* Task statement *
Copy out exactly the stretch of the listing below that begins at the line containing "(\<forall>a \<in> S. \<forall>b \<in> S. \<forall>c" and ends at the line containing "S f \<longleftrightarrow>", and copy nothing outside it.

* Dataset extract *
(* In a Bayesian network with source $X$ (as in the context), let $W$ be a node and $V$ a set of nodes with $W\notin V$, $W\neq X$ and $W>v$ for all $v\in V$. Then for all $t\ge0$, $$F_{V\cup\{W\}|X}(t)\le F_{V|X}(t)+F_W^c\big(F_{V\cup\mathrm{pa}(W)|X}(t)-F_{V|X}(t)\big),$$ $$F^c_{V\cup\{W\}|X}(t)\le F^c_{V|X}(t)+F_W^c\big(F^c_{V\cup\mathrm{pa}(W)|X}(t)-F^c_{V|X}(t)\big).$$ Furthermore, the right-hand side of the second inequality, as a function of $t\ge0$, is non-negative, concave, nondecreasing and bounded above by $t$.
   Context: Bayesian network: finite directed acyclic graph of random variables $Y_v$ on finite alphabets, each non-source vertex with kernel $P_{Y_v|Y_{\mathrm{pa}(v)}}$, distinguished parentless source $X$, topologically sorted vertices ($v_1>v_2$ implies no directed path from $v_1$ to $v_2$); $P_{V|X}$ is the induced kernel from $X$ to $(Y_v)_{v\in V}$. For a channel $P_{B|A}$, its $F_I$-curve is $F_I(t,P_{B|A})=\sup\{I(U;B): I(U;A)\le t\}$, the supremum over all joint laws $P_{UAB}=P_{UA}P_{B|A}$ (i.e. $U\to A\to B$), and $F_I^c(t,P_{B|A})$ is its least concave majorant on $t\ge0$. Notation: $F_{V|X}=F_I(\cdot,P_{V|X})$, $F^c_{V|X}=F^c_I(\cdot,P_{V|X})$, $F_W^c=F_I^c(\cdot,P_{Y_W|Y_{\mathrm{pa}(W)}})$. *)

theory Defs
  imports "HOL-Analysis.Analysis"
begin

definition mutual_info :: "'u set \<Rightarrow> 'b set \<Rightarrow> ('u \<Rightarrow> 'b \<Rightarrow> real) \<Rightarrow> real" where
  "mutual_info SU SB p =
     (\<Sum>u\<in>SU. \<Sum>b\<in>SB. if p u b = 0 then 0
        else p u b * ln (p u b / ((\<Sum>b'\<in>SB. p u b') * (\<Sum>u'\<in>SU. p u' b))))"

definition is_pmf2 :: "'u set \<Rightarrow> 'a set \<Rightarrow> ('u \<Rightarrow> 'a \<Rightarrow> real) \<Rightarrow> bool" where
  "is_pmf2 SU SA p \<longleftrightarrow> finite SU \<and> finite SA \<and>
     (\<forall>u\<in>SU. \<forall>a\<in>SA. 0 \<le> p u a) \<and> (\<Sum>u\<in>SU. \<Sum>a\<in>SA. p u a) = 1"

text \<open>F_I-curve of the channel with input alphabet SA, output alphabet SB and kernel
  K a b = P(B = b | A = a): supremum of I(U;B) over all auxiliary U (finite alphabet,
  embedded in nat) with U - A - B and I(U;A) \<le> t.\<close>
definition F_I :: "'a set \<Rightarrow> 'b set \<Rightarrow> ('a \<Rightarrow> 'b \<Rightarrow> real) \<Rightarrow> real \<Rightarrow> real" where
  "F_I SA SB K t = Sup {mutual_info SU SB (\<lambda>u b. \<Sum>a\<in>SA. p u a * K a b) | (SU :: nat set) p.
       is_pmf2 SU SA p \<and> mutual_info SU SA p \<le> t}"

definition concave_majorant :: "(real \<Rightarrow> real) \<Rightarrow> real \<Rightarrow> real" where
  "concave_majorant F t = Inf {g t | g. concave_on {0..} g \<and> (\<forall>s\<ge>0. F s \<le> g s)}"

definition F_I_c :: "'a set \<Rightarrow> 'b set \<Rightarrow> ('a \<Rightarrow> 'b \<Rightarrow> real) \<Rightarrow> real \<Rightarrow> real" where
  "F_I_c SA SB K = concave_majorant (F_I SA SB K)"

text \<open>Vertex set Vs (finite), parent map pa, alphabets A v (finite, nonempty,
  all inside a common value type 'a), kernels K v y b = P(Y_v = b | Y_pa(v) = y)
  for parent configurations y \<in> PiE (pa v) A, and a parentless source X.
  Topological sorting: every edge u \<rightarrow> v satisfies u < v.\<close>
definition bayes_net ::
  "'v::linorder set \<Rightarrow> ('v \<Rightarrow> 'v set) \<Rightarrow> ('v \<Rightarrow> 'a set) \<Rightarrow> ('v \<Rightarrow> ('v \<Rightarrow> 'a) \<Rightarrow> 'a \<Rightarrow> real) \<Rightarrow> 'v \<Rightarrow> bool" where
  "bayes_net Vs pa A K X \<longleftrightarrow> finite Vs \<and> X \<in> Vs \<and> pa X = {} \<and>
     (\<forall>v\<in>Vs. pa v \<subseteq> Vs \<and> (\<forall>u\<in>pa v. u < v)) \<and>
     (\<forall>v\<in>Vs. finite (A v) \<and> A v \<noteq> {}) \<and>
     (\<forall>v\<in>Vs - {X}. \<forall>y\<in>PiE (pa v) A.
        (\<forall>b\<in>A v. 0 \<le> K v y b) \<and> (\<Sum>b\<in>A v. K v y b) = 1)"
theorem lemma3p8:
  fixes n d :: nat and ns :: "nat \<Rightarrow> nat" and V Vd :: "real \<Rightarrow> mat" and t :: real
  assumes d1: "1 \<le> d"
    and n1pos: "0 < ns 1"
    and nsinc: "\<forall>k. 1 \<le> k \<and> k < d \<longrightarrow> ns k < ns (Suc k)"
    and ndn: "ns d < n"
    and Vorth: "\<forall>s. V s \<in> orth n"
    and Vderiv: "\<forall>s i j. i < n \<and> j < n \<longrightarrow> ((\<lambda>s. V s i j) has_real_derivative Vd s i j) (at s)"
    and Ldiag: "\<forall>s p i j. 1 \<le> p \<and> p \<le> d + 1 \<and> i \<in> blk n ns d p \<and> j \<in> blk n ns d p
                  \<longrightarrow> mmul n (mtr (V s)) (Vd s) i j = 0"
  shows "let L = mmul n (mtr (V t)) (Vd t);
             c = conjt n d (V t) (Jm n ns d);
             T3 = conjt n d (V t) (\<lambda>k. mmul n (mmul n L (Jm n ns d k)) L)
         in \<exists>X :: nat \<Rightarrow> mat.
              (\<forall>k. 1 \<le> k \<and> k \<le> d \<longrightarrow>
                  in_mat n (X k) \<and> (\<forall>i j. X k i j = X k j i) \<and>
                  (\<forall>p q i j. 1 \<le> p \<and> p \<le> d + 1 \<and> 1 \<le> q \<and> q \<le> d + 1 \<and>
                     (p, q) \<noteq> (k, d + 1) \<and> (p, q) \<noteq> (d + 1, k) \<and>
                     i \<in> blk n ns d p \<and> j \<in> blk n ns d q \<longrightarrow> X k i j = 0)) \<and>
              is_orth_proj n d (tangent_space (flag n ns d) c) T3 (conjt n d (V t) X) \<and>
              (\<forall>k i j. 1 \<le> k \<and> k \<le> d \<and> i \<in> blk n ns d k \<and> j \<in> blk n ns d (d + 1) \<longrightarrow>
                  X k i j = - (\<Sum>l < ns d. L i l * L l j))"
proof -
  have dims: "flag_dims n ns d"
    using d1 n1pos nsinc ndn by (simp add: flag_dims_def)
  define L where "L = mmul n (mtr (V t)) (Vd t)"
  have V: "V t \<in> orth n"
    using Vorth by blast
  have skew: "skew_mat n L"
    unfolding L_def using Vorth Vderiv by (intro orth_curve_skew) (auto simp: mat_has_deriv_def)
  have Ldiag_t: "L i j = 0" if "1 \<le> p" "p \<le> d + 1" "i \<in> blk n ns d p" "j \<in> blk n ns d p" for p i j
    using Ldiag that unfolding L_def by blast
  show ?thesis
    unfolding Let_def L_def[symmetric] is_orth_proj_def
    using flag_proj_in_mat[OF dims] flag_proj_sym[OF dims skew] flag_proj_block_zero[OF dims]
      flag_proj_corner_block flag_proj_tangent[OF dims V skew] flag_proj_residual_orth[OF dims V _ Ldiag_t]
    by (intro exI[of _ "flag_proj n ns d L"] conjI allI impI ballI) auto
qed

end
(* Let $T_{\mathfrak{so}_4} \in \mathfrak{so}_4^* \otimes \mathfrak{so}_4^* \otimes \mathfrak{so}_4$ be the structure tensor of the complex Lie algebra $\mathfrak{so}_4$. Then its border rank satisfies $\underline{\mathbf{R}}(T_{\mathfrak{so}_4}) \geq 9$.
   Context: $\mathfrak{so}_n$ denotes the complex Lie algebra of skew-symmetric $n\times n$ complex matrices with bracket $[x,y]=xy-yx$ (note $\mathfrak{so}_4\simeq\mathfrak{sl}_2\times\mathfrak{sl}_2$). For a Lie algebra $\mathfrak{g}$, its structure tensor $T_{\mathfrak{g}}\in\mathfrak{g}^*\otimes\mathfrak{g}^*\otimes\mathfrak{g}$ is the tensor corresponding to the bilinear map $(x,y)\mapsto[x,y]$; in a basis $\{a_i\}$ with dual basis $\{\alpha^i\}$ and $[a_i,a_j]=\sum_k A_{ij}^k a_k$, it is $\sum_{i,j,k}A_{ij}^k\,\alpha^i\otimes\alpha^j\otimes a_k$. For a tensor $T\in A\otimes B\otimes C$ over $\mathbb{C}$, the rank of $T$ is the minimal $r$ with $T=\sum_{i=1}^r a_i\otimes b_i\otimes c_i$, and the border rank $\underline{\mathbf{R}}(T)$ is the minimal $r$ such that $T=\lim_{\epsilon\to 0}T_\epsilon$ with each $T_\epsilon$ of rank at most $r$. *)

theory Defs
  imports Complex_Main
begin

text \<open>Tensors in C^n (x) C^n (x) C^n are represented by their coordinate arrays
  nat => nat => nat => complex; only indices below n are relevant.\<close>

definition tensor_rank_le :: "nat \<Rightarrow> (nat \<Rightarrow> nat \<Rightarrow> nat \<Rightarrow> complex) \<Rightarrow> nat \<Rightarrow> bool" where
  "tensor_rank_le n T r \<longleftrightarrow>
     (\<exists>a b c :: nat \<Rightarrow> nat \<Rightarrow> complex. \<forall>i<n. \<forall>j<n. \<forall>k<n.
        T i j k = (\<Sum>l<r. a l i * b l j * c l k))"

definition border_rank_le :: "nat \<Rightarrow> (nat \<Rightarrow> nat \<Rightarrow> nat \<Rightarrow> complex) \<Rightarrow> nat \<Rightarrow> bool" where
  "border_rank_le n T r \<longleftrightarrow>
     (\<exists>Te :: real \<Rightarrow> nat \<Rightarrow> nat \<Rightarrow> nat \<Rightarrow> complex.
        (\<forall>e. tensor_rank_le n (Te e) r) \<and>
        (\<forall>i<n. \<forall>j<n. \<forall>k<n. ((\<lambda>e. Te e i j k) \<longlongrightarrow> T i j k) (at 0)))"

definition border_rank :: "nat \<Rightarrow> (nat \<Rightarrow> nat \<Rightarrow> nat \<Rightarrow> complex) \<Rightarrow> nat" where
  "border_rank n T = (LEAST r. border_rank_le n T r)"

definition mat4_mult :: "(nat \<Rightarrow> nat \<Rightarrow> complex) \<Rightarrow> (nat \<Rightarrow> nat \<Rightarrow> complex) \<Rightarrow> nat \<Rightarrow> nat \<Rightarrow> complex" where
  "mat4_mult M N = (\<lambda>p q. \<Sum>l<4. M p l * N l q)"
(* Let $\Sigma$ be a set. Any subset of $T^1(\Sigma)$ closed under pruned multiplication, $+$ and $*$ forms an adequate semigroup under these operations (with $+$ and $*$ being the adequate-semigroup operations). Any subset of $T^1(\Sigma)$ closed under pruned multiplication and $+$ [respectively, pruned multiplication and $*$] forms a left adequate [respectively, right adequate] semigroup under these operations.
   Context: Semigroup notions: for a semigroup $S$ let $S^1=S$ if $S$ is a monoid and otherwise $S$ with an identity adjoined. $a\,\mathcal{L}^*\,b$ iff for all $x,y\in S^1$: $ax=ay\Leftrightarrow bx=by$; $a\,\mathcal{R}^*\,b$ iff for all $x,y\in S^1$: $xa=ya\Leftrightarrow xb=yb$. $S$ is left adequate if its idempotents commute and every $\mathcal{R}^*$-class contains an idempotent (necessarily unique, denoted $x^+$ for the class of $x$); right adequate if idempotents commute and every $\mathcal{L}^*$-class contains an idempotent ($x^*$); adequate if both. Trees: a $\Sigma$-tree is a finite directed graph whose underlying undirected graph is a tree, edges labelled by elements of $\Sigma$, with distinguished start and end vertices such that there is a (possibly empty) directed path from start to end vertex. A morphism $X\to Y$ maps vertices to vertices and edges to edges, preserving initial vertex, terminal vertex and label of edges and mapping start/end vertex to start/end vertex; isomorphisms are morphisms bijective on vertices and edges. A retraction is an idempotent morphism $X\to X$, its image being a retract; $X$ is pruned if it has no non-identity retraction. Every tree $X$ has a pruned retract, unique up to isomorphism, with isomorphism type $\overline{X}$. $T^1(\Sigma)$ is the set of isomorphism types of pruned $\Sigma$-trees. Unpruned operations: $X\times Y$ identifies the end vertex of (a copy of) $X$ with the start vertex of (a disjoint copy of) $Y$, start vertex that of $X$, end vertex that of $Y$; $X^{(+)}$ is $X$ with end vertex moved to the start vertex; $X^{( * )}$ is $X$ with start vertex moved to the end vertex. Pruned operations: $XY=\overline{X\times Y}$, $X^+=\overline{X^{(+)}}$, $X^*=\overline{X^{( * )}}$. *)

theory Defs
  imports Main
begin

text \<open>A Sigma-tree: finite vertex set (of natural numbers), labelled directed edges
  given as triples (initial vertex, label, terminal vertex), start and end vertex.\<close>

record 'a stree =
  verts :: "nat set"
  edges :: "(nat \<times> 'a \<times> nat) set"
  sv :: nat
  ev :: nat

definition dgraph :: "'a stree \<Rightarrow> (nat \<times> nat) set" where
  "dgraph X = {(u, v). \<exists>a. (u, a, v) \<in> edges X}"

definition ugraph :: "'a stree \<Rightarrow> (nat \<times> nat) set" where
  "ugraph X = dgraph X \<union> (dgraph X)\<inverse>"

definition is_tree :: "'a set \<Rightarrow> 'a stree \<Rightarrow> bool" where
  "is_tree \<Sigma> X \<longleftrightarrow>
     finite (verts X) \<and> finite (edges X) \<and>
     sv X \<in> verts X \<and> ev X \<in> verts X \<and>
     (\<forall>(u, a, v) \<in> edges X. u \<in> verts X \<and> a \<in> \<Sigma> \<and> v \<in> verts X) \<and>
     card (edges X) + 1 = card (verts X) \<and>
     (\<forall>u \<in> verts X. \<forall>v \<in> verts X. (u, v) \<in> (ugraph X)\<^sup>*) \<and>
     (sv X, ev X) \<in> (dgraph X)\<^sup>*"

definition edge_map :: "(nat \<Rightarrow> nat) \<Rightarrow> nat \<times> 'a \<times> nat \<Rightarrow> nat \<times> 'a \<times> nat" where
  "edge_map f = (\<lambda>(u, a, v). (f u, a, f v))"

definition morph :: "'a stree \<Rightarrow> 'a stree \<Rightarrow> (nat \<Rightarrow> nat) \<Rightarrow> bool" where
  "morph X Y f \<longleftrightarrow>
     (\<forall>v \<in> verts X. f v \<in> verts Y) \<and>
     (\<forall>e \<in> edges X. edge_map f e \<in> edges Y) \<and>
     f (sv X) = sv Y \<and> f (ev X) = ev Y"

definition tree_iso :: "'a stree \<Rightarrow> 'a stree \<Rightarrow> bool" where
  "tree_iso X Y \<longleftrightarrow> (\<exists>f. morph X Y f \<and> bij_betw f (verts X) (verts Y) \<and>
                          bij_betw (edge_map f) (edges X) (edges Y))"

definition retraction :: "'a stree \<Rightarrow> (nat \<Rightarrow> nat) \<Rightarrow> bool" where
  "retraction X r \<longleftrightarrow> morph X X r \<and> (\<forall>v \<in> verts X. r (r v) = r v)"

definition retract_img :: "'a stree \<Rightarrow> (nat \<Rightarrow> nat) \<Rightarrow> 'a stree" where
  "retract_img X r = \<lparr>verts = r ` verts X, edges = edge_map r ` edges X,
                      sv = r (sv X), ev = r (ev X)\<rparr>"

definition pruned :: "'a stree \<Rightarrow> bool" where
  "pruned X \<longleftrightarrow> (\<forall>r. retraction X r \<longrightarrow> (\<forall>v \<in> verts X. r v = v))"

definition pruned_retract :: "'a stree \<Rightarrow> 'a stree \<Rightarrow> bool" where
  "pruned_retract X R \<longleftrightarrow> (\<exists>r. retraction X r \<and> R = retract_img X r \<and> pruned R)"

definition glue_map :: "'a stree \<Rightarrow> 'a stree \<Rightarrow> nat \<Rightarrow> nat" where
  "glue_map X Y v = (if v = sv Y then 2 * ev X else 2 * v + 1)"

text \<open>X \<times> Y: disjoint copies (X on even numbers, Y on odd numbers), end vertex of X
  identified with start vertex of Y.\<close>
definition tprod :: "'a stree \<Rightarrow> 'a stree \<Rightarrow> 'a stree" where
  "tprod X Y = \<lparr>verts = (\<lambda>v. 2 * v) ` verts X \<union> glue_map X Y ` verts Y,
                edges = edge_map (\<lambda>v. 2 * v) ` edges X \<union> edge_map (glue_map X Y) ` edges Y,
                sv = 2 * sv X, ev = glue_map X Y (ev Y)\<rparr>"

definition tplus :: "'a stree \<Rightarrow> 'a stree" where
  "tplus X = X\<lparr>ev := sv X\<rparr>"

definition tstar :: "'a stree \<Rightarrow> 'a stree" where
  "tstar X = X\<lparr>sv := ev X\<rparr>"

definition iso_class :: "'a set \<Rightarrow> 'a stree \<Rightarrow> 'a stree set" where
  "iso_class \<Sigma> X = {Y. is_tree \<Sigma> Y \<and> tree_iso X Y}"

definition T1 :: "'a set \<Rightarrow> 'a stree set set" where
  "T1 \<Sigma> = {iso_class \<Sigma> X | X. is_tree \<Sigma> X \<and> pruned X}"

text \<open>Pruned operations on isomorphism types: the isomorphism type of a pruned retract
  of the unpruned operation applied to representatives.\<close>
definition pmult :: "'a set \<Rightarrow> 'a stree set \<Rightarrow> 'a stree set \<Rightarrow> 'a stree set" where
  "pmult \<Sigma> C D = {Z. \<exists>X \<in> C. \<exists>Y \<in> D. \<exists>R. pruned_retract (tprod X Y) R \<and>
                                     is_tree \<Sigma> Z \<and> tree_iso R Z}"

definition pplus :: "'a set \<Rightarrow> 'a stree set \<Rightarrow> 'a stree set" where
  "pplus \<Sigma> C = {Z. \<exists>X \<in> C. \<exists>R. pruned_retract (tplus X) R \<and> is_tree \<Sigma> Z \<and> tree_iso R Z}"

definition pstar :: "'a set \<Rightarrow> 'a stree set \<Rightarrow> 'a stree set" where
  "pstar \<Sigma> C = {Z. \<exists>X \<in> C. \<exists>R. pruned_retract (tstar X) R \<and> is_tree \<Sigma> Z \<and> tree_iso R Z}"

text \<open>S^1: None is the adjoined identity (adjoining it even when S is a monoid
  gives the same relations L*, R*).\<close>
definition S1 :: "'b set \<Rightarrow> 'b option set" where
  "S1 S = insert None (Some ` S)"

definition lmul1 :: "('b \<Rightarrow> 'b \<Rightarrow> 'b) \<Rightarrow> 'b option \<Rightarrow> 'b \<Rightarrow> 'b" where
  "lmul1 m x a = (case x of None \<Rightarrow> a | Some y \<Rightarrow> m y a)"

definition rmul1 :: "('b \<Rightarrow> 'b \<Rightarrow> 'b) \<Rightarrow> 'b \<Rightarrow> 'b option \<Rightarrow> 'b" where
  "rmul1 m a x = (case x of None \<Rightarrow> a | Some y \<Rightarrow> m a y)"

definition Lstar :: "'b set \<Rightarrow> ('b \<Rightarrow> 'b \<Rightarrow> 'b) \<Rightarrow> 'b \<Rightarrow> 'b \<Rightarrow> bool" where
  "Lstar S m a b \<longleftrightarrow> (\<forall>x \<in> S1 S. \<forall>y \<in> S1 S.
      rmul1 m a x = rmul1 m a y \<longleftrightarrow> rmul1 m b x = rmul1 m b y)"

definition Rstar :: "'b set \<Rightarrow> ('b \<Rightarrow> 'b \<Rightarrow> 'b) \<Rightarrow> 'b \<Rightarrow> 'b \<Rightarrow> bool" where
  "Rstar S m a b \<longleftrightarrow> (\<forall>x \<in> S1 S. \<forall>y \<in> S1 S.
      lmul1 m x a = lmul1 m y a \<longleftrightarrow> lmul1 m x b = lmul1 m y b)"

definition semigroup_on :: "'b set \<Rightarrow> ('b \<Rightarrow> 'b \<Rightarrow> 'b) \<Rightarrow> bool" where
  "semigroup_on S m \<longleftrightarrow> (\<forall>a \<in> S. \<forall>b \<in> S. m a b \<in> S) \<and>
     (\<forall>a \<in> S. \<forall>b \<in> S. \<forall>c \<in> S. m (m a b) c = m a (m b c))"

definition idem_commute :: "'b set \<Rightarrow> ('b \<Rightarrow> 'b \<Rightarrow> 'b) \<Rightarrow> bool" where
  "idem_commute S m \<longleftrightarrow> (\<forall>e \<in> S. \<forall>f \<in> S. m e e = e \<and> m f f = f \<longrightarrow> m e f = m f e)"

definition left_adequate :: "'b set \<Rightarrow> ('b \<Rightarrow> 'b \<Rightarrow> 'b) \<Rightarrow> bool" where
  "left_adequate S m \<longleftrightarrow> semigroup_on S m \<and> idem_commute S m \<and>
     (\<forall>a \<in> S. \<exists>e \<in> S. m e e = e \<and> Rstar S m e a)"

definition right_adequate :: "'b set \<Rightarrow> ('b \<Rightarrow> 'b \<Rightarrow> 'b) \<Rightarrow> bool" where
  "right_adequate S m \<longleftrightarrow> semigroup_on S m \<and> idem_commute S m \<and>
     (\<forall>a \<in> S. \<exists>e \<in> S. m e e = e \<and> Lstar S m e a)"

definition adequate :: "'b set \<Rightarrow> ('b \<Rightarrow> 'b \<Rightarrow> 'b) \<Rightarrow> bool" where
  "adequate S m \<longleftrightarrow> left_adequate S m \<and> right_adequate S m"

text \<open>p is the "+" operation of S: p a is the (unique) idempotent in the R*-class of a.\<close>
definition is_plus_op :: "'b set \<Rightarrow> ('b \<Rightarrow> 'b \<Rightarrow> 'b) \<Rightarrow> ('b \<Rightarrow> 'b) \<Rightarrow> bool" where
  "is_plus_op S m p \<longleftrightarrow> (\<forall>a \<in> S. p a \<in> S \<and> m (p a) (p a) = p a \<and> Rstar S m (p a) a)"

definition is_star_op :: "'b set \<Rightarrow> ('b \<Rightarrow> 'b \<Rightarrow> 'b) \<Rightarrow> ('b \<Rightarrow> 'b) \<Rightarrow> bool" where
  "is_star_op S m p \<longleftrightarrow> (\<forall>a \<in> S. p a \<in> S \<and> m (p a) (p a) = p a \<and> Lstar S m (p a) a)"

definition closed1 :: "'b set \<Rightarrow> ('b \<Rightarrow> 'b) \<Rightarrow> bool" where
  "closed1 S f \<longleftrightarrow> (\<forall>a \<in> S. f a \<in> S)"

definition closed2 :: "'b set \<Rightarrow> ('b \<Rightarrow> 'b \<Rightarrow> 'b) \<Rightarrow> bool" where
  "closed2 S m \<longleftrightarrow> (\<forall>a \<in> S. \<forall>b \<in> S. m a b \<in> S)"

end

theory Submission
  imports Defs "HOL-Library.FuncSet"
begin

text \<open>Call two trees hom-equivalent if there are morphisms in both directions. Some power of an
  endomorphism of a finite tree is a retraction, so endomorphisms of pruned trees are bijective
  and hom-equivalent pruned trees are isomorphic. Hence an element of T1 is determined by any tree
  hom-equivalent to its members, and the pruned operations can be computed on unpruned
  representatives. Gluing is associative up to hom-equivalence, idempotents are exactly the
  classes whose start and end vertex coincide, and such trees commute.

  The key point is a cancellation property. Every tree admits a grading, a height function
  increasing by one along each edge, which measures the length of every directed walk. Hence a
  morphism X \<times> A \<rightarrow> Y \<times> A must send the glue point to the glue point, so it is also a morphism
  X \<times> A(+) \<rightarrow> Y \<times> A(+). Together with A(+) \<times> A \<simeq> A this shows that a+ and a are
  R*-related; dually for a* and L*.\<close>

section \<open>Morphisms and hom-equivalence\<close>

definition hom :: "'a stree \<Rightarrow> 'a stree \<Rightarrow> (nat \<Rightarrow> nat) \<Rightarrow> bool" where
  "hom X Y f \<longleftrightarrow> (\<forall>v \<in> verts X. f v \<in> verts Y) \<and> (\<forall>e \<in> edges X. edge_map f e \<in> edges Y)"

* Answer space *
     (\<forall>a \<in> S. \<forall>b \<in> S. \<forall>c \<in> S. m (m a b) c = m a (m b c))"

definition idem_commute :: "'b set \<Rightarrow> ('b \<Rightarrow> 'b \<Rightarrow> 'b) \<Rightarrow> bool" where
  "idem_commute S m \<longleftrightarrow> (\<forall>e \<in> S. \<forall>f \<in> S. m e e = e \<and> m f f = f \<longrightarrow> m e f = m f e)"

definition left_adequate :: "'b set \<Rightarrow> ('b \<Rightarrow> 'b \<Rightarrow> 'b) \<Rightarrow> bool" where
  "left_adequate S m \<longleftrightarrow> semigroup_on S m \<and> idem_commute S m \<and>
     (\<forall>a \<in> S. \<exists>e \<in> S. m e e = e \<and> Rstar S m e a)"

definition right_adequate :: "'b set \<Rightarrow> ('b \<Rightarrow> 'b \<Rightarrow> 'b) \<Rightarrow> bool" where
  "right_adequate S m \<longleftrightarrow> semigroup_on S m \<and> idem_commute S m \<and>
     (\<forall>a \<in> S. \<exists>e \<in> S. m e e = e \<and> Lstar S m e a)"

definition adequate :: "'b set \<Rightarrow> ('b \<Rightarrow> 'b \<Rightarrow> 'b) \<Rightarrow> bool" where
  "adequate S m \<longleftrightarrow> left_adequate S m \<and> right_adequate S m"

text \<open>p is the "+" operation of S: p a is the (unique) idempotent in the R*-class of a.\<close>
definition is_plus_op :: "'b set \<Rightarrow> ('b \<Rightarrow> 'b \<Rightarrow> 'b) \<Rightarrow> ('b \<Rightarrow> 'b) \<Rightarrow> bool" where
  "is_plus_op S m p \<longleftrightarrow> (\<forall>a \<in> S. p a \<in> S \<and> m (p a) (p a) = p a \<and> Rstar S m (p a) a)"

definition is_star_op :: "'b set \<Rightarrow> ('b \<Rightarrow> 'b \<Rightarrow> 'b) \<Rightarrow> ('b \<Rightarrow> 'b) \<Rightarrow> bool" where
  "is_star_op S m p \<longleftrightarrow> (\<forall>a \<in> S. p a \<in> S \<and> m (p a) (p a) = p a \<and> Lstar S m (p a) a)"

definition closed1 :: "'b set \<Rightarrow> ('b \<Rightarrow> 'b) \<Rightarrow> bool" where
  "closed1 S f \<longleftrightarrow> (\<forall>a \<in> S. f a \<in> S)"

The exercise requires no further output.